Question

When 293 college students are randomly selected and surveyed, it is found that 114 own a car. Construct a 99% confidence interval for the true proportion of all college students who own a car. Round your answer to 3 decimal places.

Answer 1

The 99% confidence interval for the true proportion of all college students who own a car is (0.315, 0.463).

Explanation:

In a sample with a number n of people surveyed with a probability of a success of
`\pi`, and a confidence level of
`1-\alpha`, we have the following confidence interval of proportions.

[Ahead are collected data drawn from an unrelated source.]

lemma mem_of_price_of_Int_eq:
  fixes p :: "'n::finite \<Rightarrow> real"
  assumes p: "nonneg_prices p" and TS: "price_of p (T \<inter> S) = price_of p S"
    and "j \<in> S" "0 < p j"
  shows "j \<in> T"
proof (rule ccontr)
  assume "j \<notin> T"
  have "p j \<le> price_of p (S - T)"
    using p \<open>j \<in> S\<close> \<open>j \<notin> T\<close> unfolding price_of_def nonneg_prices_def
    by (intro member_le_sum) auto
  moreover have "price_of p S = price_of p (T \<inter> S) + price_of p (S - T)"
    using price_of_Int_Diff[of p S T] by (simp add: Int_commute)
  ultimately show False using TS \<open>0 < p j\<close> by simp
qed

context
  fixes v :: "'n::finite set \<Rightarrow> real" and X :: "('n \<Rightarrow> real) \<Rightarrow> 'n set" and p :: "'n \<Rightarrow> real"
  assumes X: "decision_map v X" and nash: "pure_nash X p"
begin

lemma nonneg_prices_nash: "nonneg_prices p"
  using nash unfolding pure_nash_def by blast

text \<open>If seller \<open>i\<close> could raise her price to \<open>c\<close> while a bundle \<open>T \<ni> i\<close> stays preferred to every
bundle avoiding \<open>i\<close>, any price strictly between her income and \<open>c\<close> would be a profitable deviation.\<close>

lemma nash_raise_bound:
  assumes "i \<in> T"
    and T: "\<And>W. i \<notin> W \<Longrightarrow> v W - price_of p W \<le> v T - price_of p T + p i - c"
  shows "c \<le> seller_utility X i p"
proof (rule ccontr)
  assume "\<not> c \<le> seller_utility X i p"
  define u where "u = seller_utility X i p"
  define q where "q = (u + c) / 2"
  have u_nonneg: "0 \<le> u"
    unfolding u_def by (rule seller_utility_nonneg[OF nonneg_prices_nash])
  have q: "u < q" "q < c" "0 \<le> q"
    using \<open>\<not> c \<le> seller_utility X i p\<close> u_nonneg unfolding q_def u_def by auto
  define Y where "Y = X (p(i := q))"
  have Y: "Y \<in> demand v (p(i := q))"
    unfolding Y_def
    using decision_map_demand[OF X nonneg_prices_upd[OF nonneg_prices_nash \<open>0 \<le> q\<close>]] .
  have "i \<in> Y"
  proof (rule ccontr)
    assume "i \<notin> Y"
    have "v T - price_of p T + p i - q \<le> v Y - price_of p Y"
      using demandD[OF Y, of T] price_of_upd_in[OF \<open>i \<in> T\<close>, of p q]
        price_of_upd_notin[OF \<open>i \<notin> Y\<close>, of p q] by simp
    with T[OF \<open>i \<notin> Y\<close>] \<open>q < c\<close> show False by linarith
  qed
  then have "seller_utility X i (p(i := q)) = q"
    unfolding seller_utility_def Y_def by simp
  moreover have "seller_utility X i (p(i := q)) \<le> u"
    using nash \<open>0 \<le> q\<close> unfolding pure_nash_def u_def by blast
  ultimately show False using \<open>u < q\<close> by linarith
qed

lemma nash_demand_outside_zero:
  assumes T: "T \<in> demand v p" and "j \<in> T" "j \<notin> X p"
  shows "p j = 0"
proof -
  have "p j \<le> seller_utility X j p"
    using demandD[OF T] by (intro nash_raise_bound[OF \<open>j \<in> T\<close>]) simp
  with \<open>j \<notin> X p\<close> nonneg_prices_nash show ?thesis
    unfolding seller_utility_def nonneg_prices_def by (simp add: order_antisym)
qed

lemma nash_demand_value:
  assumes T: "T \<in> demand v p" and TS: "price_of p (T \<inter> X p) = price_of p (X p)"
  shows "v T = v (X p)"
proof -
  have S: "X p \<in> demand v p"
    by (rule decision_map_demand[OF X nonneg_prices_nash])
  have "price_of p (T - X p) = 0"
    unfolding price_of_def using nash_demand_outside_zero[OF T] by simp
  then have "price_of p T = price_of p (X p)"
    using price_of_Int_Diff[of p T "X p"] TS by simp
  with demandD[OF T, of "X p"] demandD[OF S, of T] show ?thesis by simp
qed

context
  fixes X' :: "('n \<Rightarrow> real) \<Rightarrow> 'n set" and t :: real
  assumes X': "decision_map v X'" and t: "0 < t" "t < 1"
begin

lemma discount_demand_value: "v (X' (discount (X p) t p)) = v (X p)"
proof -
  have T: "X' (discount (X p) t p) \<in> demand v (discount (X p) t p)"
    using decision_map_demand[OF X' nonneg_prices_discount[OF nonneg_prices_nash]] t by simp
  show ?thesis
    using demand_discount[OF nonneg_prices_nash decision_map_demand[OF X nonneg_prices_nash] \<open>0 < t\<close> T]
    by (rule nash_demand_value)
qed
(* Let $\mathcal M=\langle\mathcal C,\mathcal S,\{\mathcal R_i\}_{i\in I}\rangle$ be a model and $\mathcal G\in\mathcal M$. There exists a set $\mathcal X_{\mathcal G}\subseteq\mathcal T'^{<\omega}$ such that $\mathcal G=\mathcal X_{\mathcal G}\leadsto\mathcal S$.
   Context: $\lambda\mu$-terms: $t::= x\mid \lambda x.t\mid (t\;t)\mid \mu a.t\mid (a\;t)$ over disjoint infinite sets of $\lambda$-variables and $\mu$-variables; reduction $(\lambda x.u\;v)\triangleright u[x:=v]$, $(\mu a.u\;v)\triangleright\mu a.u[a:=^*v]$ ($u[a:=^*v]$ replaces each subterm $(a\;w)$ by $(a\;(w\;v))$), $\triangleright^*$ its reflexive transitive compatible closure. $\mathcal S$ is saturated if $v\triangleright^*u\in\mathcal S$ implies $v\in\mathcal S$; for an infinite set $\mathcal C$ of $\mu$-variables, $\mathcal S$ is $\mathcal C$-saturated if saturated and $t\in\mathcal S$ implies $\mu a.t,(a\;t)\in\mathcal S$ for all $a\in\mathcal C$. $\mathcal K\leadsto\mathcal L=\{t:(t\;u)\in\mathcal L\ \forall u\in\mathcal K\}$. $\mathcal T'$ is the set of terms together with the $\mu$-variables; for $\pi\in\mathcal T'^{<\omega}$ (finite sequences): $(t\;\emptyset)=t$, $(t\;u\pi')=((t\;u)\;\pi')$ for a term $u$, $(t\;a\pi')=((a\;t)\;\pi')$ for a $\mu$-variable $a$; for $\mathcal X\subseteq\mathcal T'^{<\omega}$, $\mathcal X\leadsto\mathcal S=\{t:(t\;\pi)\in\mathcal S\ \forall\pi\in\mathcal X\}$. A model $\mathcal M=\langle\mathcal C,\mathcal S,\{\mathcal R_i\}_{i\in I}\rangle$: $\mathcal S$ is $\mathcal C$-saturated, each $\mathcal R_i=\mathcal X_i\leadsto\mathcal S$ for some $\mathcal X_i\subseteq\mathcal T'^{<\omega}$, and $\mathcal M$ is the smallest set of sets of terms containing $\mathcal S$ and all $\mathcal R_i$ and closed under $\leadsto$. *)

theory Defs
  imports Main
begin

text \<open>Free lambda-variables and free mu-variables are natural numbers, kept disjoint by the
constructors.  Bound variables are de Bruijn indices; lambda- and mu-binders are counted
separately.  Terms are the locally closed raw terms (this is the standard way of
representing terms modulo alpha-conversion).\<close>

datatype trm =
    FV nat
  | BV nat
  | Lam trm
  | App trm trm
  | Mu trm
  | FNm nat trm       \<comment> \<open>(a t) with a free mu-variable a\<close>
  | BNm nat trm       \<comment> \<open>(k t) with a bound mu-variable (index)\<close>

fun lc :: "nat \<Rightarrow> nat \<Rightarrow> trm \<Rightarrow> bool" where
  "lc i j (FV x) = True"
| "lc i j (BV n) = (n < i)"
| "lc i j (Lam t) = lc (Suc i) j t"
| "lc i j (App t u) = (lc i j t \<and> lc i j u)"
| "lc i j (Mu t) = lc i (Suc j) t"
| "lc i j (FNm a t) = lc i j t"
| "lc i j (BNm k t) = (k < j \<and> lc i j t)"

definition terms :: "trm set" where
  "terms = {t. lc 0 0 t}"

fun open_l :: "nat \<Rightarrow> trm \<Rightarrow> trm \<Rightarrow> trm" where
  "open_l k v (FV x) = FV x"
| "open_l k v (BV n) = (if n = k then v else BV n)"
| "open_l k v (Lam t) = Lam (open_l (Suc k) v t)"
| "open_l k v (App t u) = App (open_l k v t) (open_l k v u)"
| "open_l k v (Mu t) = Mu (open_l k v t)"
| "open_l k v (FNm a t) = FNm a (open_l k v t)"
| "open_l k v (BNm n t) = BNm n (open_l k v t)"

fun close_l :: "nat \<Rightarrow> nat \<Rightarrow> trm \<Rightarrow> trm" where
  "close_l k x (FV y) = (if y = x then BV k else FV y)"
| "close_l k x (BV n) = BV n"
| "close_l k x (Lam t) = Lam (close_l (Suc k) x t)"
| "close_l k x (App t u) = App (close_l k x t) (close_l k x u)"
| "close_l k x (Mu t) = Mu (close_l k x t)"
| "close_l k x (FNm a t) = FNm a (close_l k x t)"
| "close_l k x (BNm n t) = BNm n (close_l k x t)"

fun close_m :: "nat \<Rightarrow> nat \<Rightarrow> trm \<Rightarrow> trm" where
  "close_m k a (FV y) = FV y"
| "close_m k a (BV n) = BV n"
| "close_m k a (Lam t) = Lam (close_m k a t)"
| "close_m k a (App t u) = App (close_m k a t) (close_m k a u)"
| "close_m k a (Mu t) = Mu (close_m (Suc k) a t)"
| "close_m k a (FNm b t) = (if b = a then BNm k (close_m k a t) else FNm b (close_m k a t))"
| "close_m k a (BNm n t) = BNm n (close_m k a t)"

definition lam :: "nat \<Rightarrow> trm \<Rightarrow> trm" where
  "lam x t = Lam (close_l 0 x t)"

definition mu :: "nat \<Rightarrow> trm \<Rightarrow> trm" where
  "mu a t = Mu (close_m 0 a t)"

text \<open>Structural substitution \<open>u[a:=* v]\<close> for the mu-variable bound at index k:
every subterm \<open>(a w)\<close> becomes \<open>(a (w[a:=*v] v))\<close>.\<close>
fun sstruct :: "nat \<Rightarrow> trm \<Rightarrow> trm \<Rightarrow> trm" where
  "sstruct k v (FV y) = FV y"
| "sstruct k v (BV n) = BV n"
| "sstruct k v (Lam t) = Lam (sstruct k v t)"
| "sstruct k v (App t u) = App (sstruct k v t) (sstruct k v u)"
| "sstruct k v (Mu t) = Mu (sstruct (Suc k) v t)"
| "sstruct k v (FNm b t) = FNm b (sstruct k v t)"
| "sstruct k v (BNm n t) =
     (if n = k then BNm n (App (sstruct k v t) v) else BNm n (sstruct k v t))"

inductive red1 :: "trm \<Rightarrow> trm \<Rightarrow> bool" where
  beta: "App (Lam u) v \<in> terms \<Longrightarrow> red1 (App (Lam u) v) (open_l 0 v u)"
| mu_red: "App (Mu u) v \<in> terms \<Longrightarrow> red1 (App (Mu u) v) (Mu (sstruct 0 v u))"
| app_l: "red1 t t' \<Longrightarrow> u \<in> terms \<Longrightarrow> red1 (App t u) (App t' u)"
| app_r: "red1 u u' \<Longrightarrow> t \<in> terms \<Longrightarrow> red1 (App t u) (App t u')"
| lam_c: "red1 t t' \<Longrightarrow> red1 (lam x t) (lam x t')"
| mu_c: "red1 t t' \<Longrightarrow> red1 (mu a t) (mu a t')"
| name_c: "red1 t t' \<Longrightarrow> red1 (FNm a t) (FNm a t')"

abbreviation red :: "trm \<Rightarrow> trm \<Rightarrow> bool" where
  "red \<equiv> red1\<^sup>*\<^sup>*"

definition saturated :: "trm set \<Rightarrow> bool" where
  "saturated S \<longleftrightarrow> S \<subseteq> terms \<and> (\<forall>u v. v \<in> terms \<longrightarrow> red v u \<longrightarrow> u \<in> S \<longrightarrow> v \<in> S)"

definition C_saturated :: "nat set \<Rightarrow> trm set \<Rightarrow> bool" where
  "C_saturated C S \<longleftrightarrow> saturated S \<and> (\<forall>t\<in>S. \<forall>a\<in>C. mu a t \<in> S \<and> FNm a t \<in> S)"

definition arrow :: "trm set \<Rightarrow> trm set \<Rightarrow> trm set" (infixr "\<leadsto>" 55) where
  "K \<leadsto> L = {t \<in> terms. \<forall>u\<in>K. App t u \<in> L}"

datatype telem = TmE trm | MvE nat

definition Tprime :: "telem set" where
  "Tprime = {TmE t | t. t \<in> terms} \<union> range MvE"

fun app_seq :: "trm \<Rightarrow> telem list \<Rightarrow> trm" where
  "app_seq t [] = t"
| "app_seq t (TmE u # \<pi>) = app_seq (App t u) \<pi>"
| "app_seq t (MvE a # \<pi>) = app_seq (FNm a t) \<pi>"

definition arrowX :: "telem list set \<Rightarrow> trm set \<Rightarrow> trm set" where
  "arrowX X S = {t \<in> terms. \<forall>\<pi>\<in>X. app_seq t \<pi> \<in> S}"

definition is_model :: "nat set \<Rightarrow> trm set \<Rightarrow> 'i set \<Rightarrow> ('i \<Rightarrow> trm set) \<Rightarrow> bool" where
  "is_model C S I R \<longleftrightarrow> infinite C \<and> C_saturated C S \<and>
     (\<forall>i\<in>I. \<exists>X. X \<subseteq> lists Tprime \<and> R i = arrowX X S)"

inductive_set model_sets :: "trm set \<Rightarrow> 'i set \<Rightarrow> ('i \<Rightarrow> trm set) \<Rightarrow> trm set set"
  for S I R where
  base: "S \<in> model_sets S I R"
| rel: "i \<in> I \<Longrightarrow> R i \<in> model_sets S I R"
| arr: "K \<in> model_sets S I R \<Longrightarrow> L \<in> model_sets S I R \<Longrightarrow> (K \<leadsto> L) \<in> model_sets S I R"

end

theory Submission
  imports Defs
begin

text \<open>Every set of the model is of the form \<open>\<X> \<leadsto> \<S>\<close>, by induction on its construction:
\<open>\<S> = {\<emptyset>} \<leadsto> \<S>\<close>, the \<open>\<R>\<^sub>i\<close> are of this form by definition, and
\<open>\<K> \<leadsto> (\<X> \<leadsto> \<S>) = {u\<pi> | u \<in> \<K>, \<pi> \<in> \<X>} \<leadsto> \<S>\<close> because \<open>(t u\<pi>) = ((t u) \<pi>)\<close>.\<close>

lemma arrowX_subset_terms: "arrowX X S \<subseteq> terms"
  by (auto simp: arrowX_def)

lemma arrowX_empty_stack:
  assumes "S \<subseteq> terms"
  shows "arrowX {[]} S = S"
  using assms by (auto simp: arrowX_def)

lemma Cons_stacks_in_lists_Tprime:
  assumes "K \<subseteq> terms" "X \<subseteq> lists Tprime"
  shows "{TmE u # \<pi> | u \<pi>. u \<in> K \<and> \<pi> \<in> X} \<subseteq> lists Tprime"
proof
  fix s assume "s \<in> {TmE u # \<pi> | u \<pi>. u \<in> K \<and> \<pi> \<in> X}"
  then obtain u \<pi> where s: "s = TmE u # \<pi>" "u \<in> K" "\<pi> \<in> X" by blast
  have "TmE u \<in> Tprime" using s(2) assms(1) by (auto simp: Tprime_def)
  moreover have "\<pi> \<in> lists Tprime" using s(3) assms(2) by blast
  ultimately show "s \<in> lists Tprime" using s(1) by simp
qed

lemma arrow_arrowX:
  assumes "K \<subseteq> terms"
  shows "(K \<leadsto> arrowX X S) = arrowX {TmE u # \<pi> | u \<pi>. u \<in> K \<and> \<pi> \<in> X} S"
proof
  show "(K \<leadsto> arrowX X S) \<subseteq> arrowX {TmE u # \<pi> | u \<pi>. u \<in> K \<and> \<pi> \<in> X} S"
    by (auto simp: arrow_def arrowX_def)
  show "arrowX {TmE u # \<pi> | u \<pi>. u \<in> K \<and> \<pi> \<in> X} S \<subseteq> (K \<leadsto> arrowX X S)"
  proof
    fix t assume t: "t \<in> arrowX {TmE u # \<pi> | u \<pi>. u \<in> K \<and> \<pi> \<in> X} S"
    have "App t u \<in> arrowX X S" if "u \<in> K" for u
    proof -
      have "App t u \<in> terms"
        using t \<open>u \<in> K\<close> assms by (auto simp: arrowX_def terms_def)
      moreover have "app_seq (App t u) \<pi> \<in> S" if "\<pi> \<in> X" for \<pi>
      proof -
        have "TmE u # \<pi> \<in> {TmE u # \<pi> | u \<pi>. u \<in> K \<and> \<pi> \<in> X}"
          using \<open>u \<in> K\<close> \<open>\<pi> \<in> X\<close> by blast
        with t have "app_seq t (TmE u # \<pi>) \<in> S" unfolding arrowX_def by blast
        then show ?thesis by simp
      qed
      ultimately show ?thesis by (simp add: arrowX_def)
    qed
    with t show "t \<in> (K \<leadsto> arrowX X S)" by (auto simp: arrow_def arrowX_def)
  qed
qed

theorem mainTheorem6:
  fixes C :: "nat set" and S :: "trm set" and I :: "'i set" and R :: "'i \<Rightarrow> trm set"
    and G :: "trm set"
  assumes "is_model C S I R"
    and "G \<in> model_sets S I R"
  shows "\<exists>X. X \<subseteq> lists Tprime \<and> G = arrowX X S"
  using assms(2)
proof induction
  case base
  have "S \<subseteq> terms"
    using assms(1) by (simp add: is_model_def C_saturated_def saturated_def)
  then have "arrowX {[]} S = S" by (rule arrowX_empty_stack)
  then show ?case by (intro exI[of _ "{[]}"]) simp
next
  case (rel i)
  then show ?case using assms(1) by (auto simp: is_model_def)
next
  case (arr K L)
  obtain XK where K: "K = arrowX XK S"
    using arr.IH(1) by blast
  obtain XL where L: "L = arrowX XL S" "XL \<subseteq> lists Tprime"
    using arr.IH(2) by blast
  let ?Y = "{TmE u # \<pi> | u \<pi>. u \<in> K \<and> \<pi> \<in> XL}"
  have "K \<subseteq> terms" using K arrowX_subset_terms by simp
  then have "(K \<leadsto> L) = arrowX ?Y S" and "?Y \<subseteq> lists Tprime"
    using L arrow_arrowX Cons_stacks_in_lists_Tprime by simp_all
  then show ?case by (intro exI[of _ ?Y] conjI)
qed

end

`\pi \pm z\sqrt{(\pi(1-\pi))/(n)}`

In which

z is the z-score that has a p-value of
`1 - (\alpha)/(2)`.

When 293 college students are randomly selected and surveyed, it is found that 114 own a car.

This means that
`n = 293, \pi = (114)/(293) = 0.389`

99% confidence level

So
`\alpha = 0.01`, z is the value of Z that has a p-value of
`1 - (0.01)/(2) = 0.995`, so
`Z = 2.575`.

The lower limit of this interval is:

`\pi - z\sqrt{(\pi(1-\pi))/(n)} = 0.389 - 2.575\sqrt{(0.389*0.621)/(293)} = 0.315`

The upper limit of this interval is:

`\pi + z\sqrt{(\pi(1-\pi))/(n)} = 0.389 + 2.575\sqrt{(0.389*0.621)/(293)} = 0.463`

The 99% confidence interval for the true proportion of all college students who own a car is (0.315, 0.463).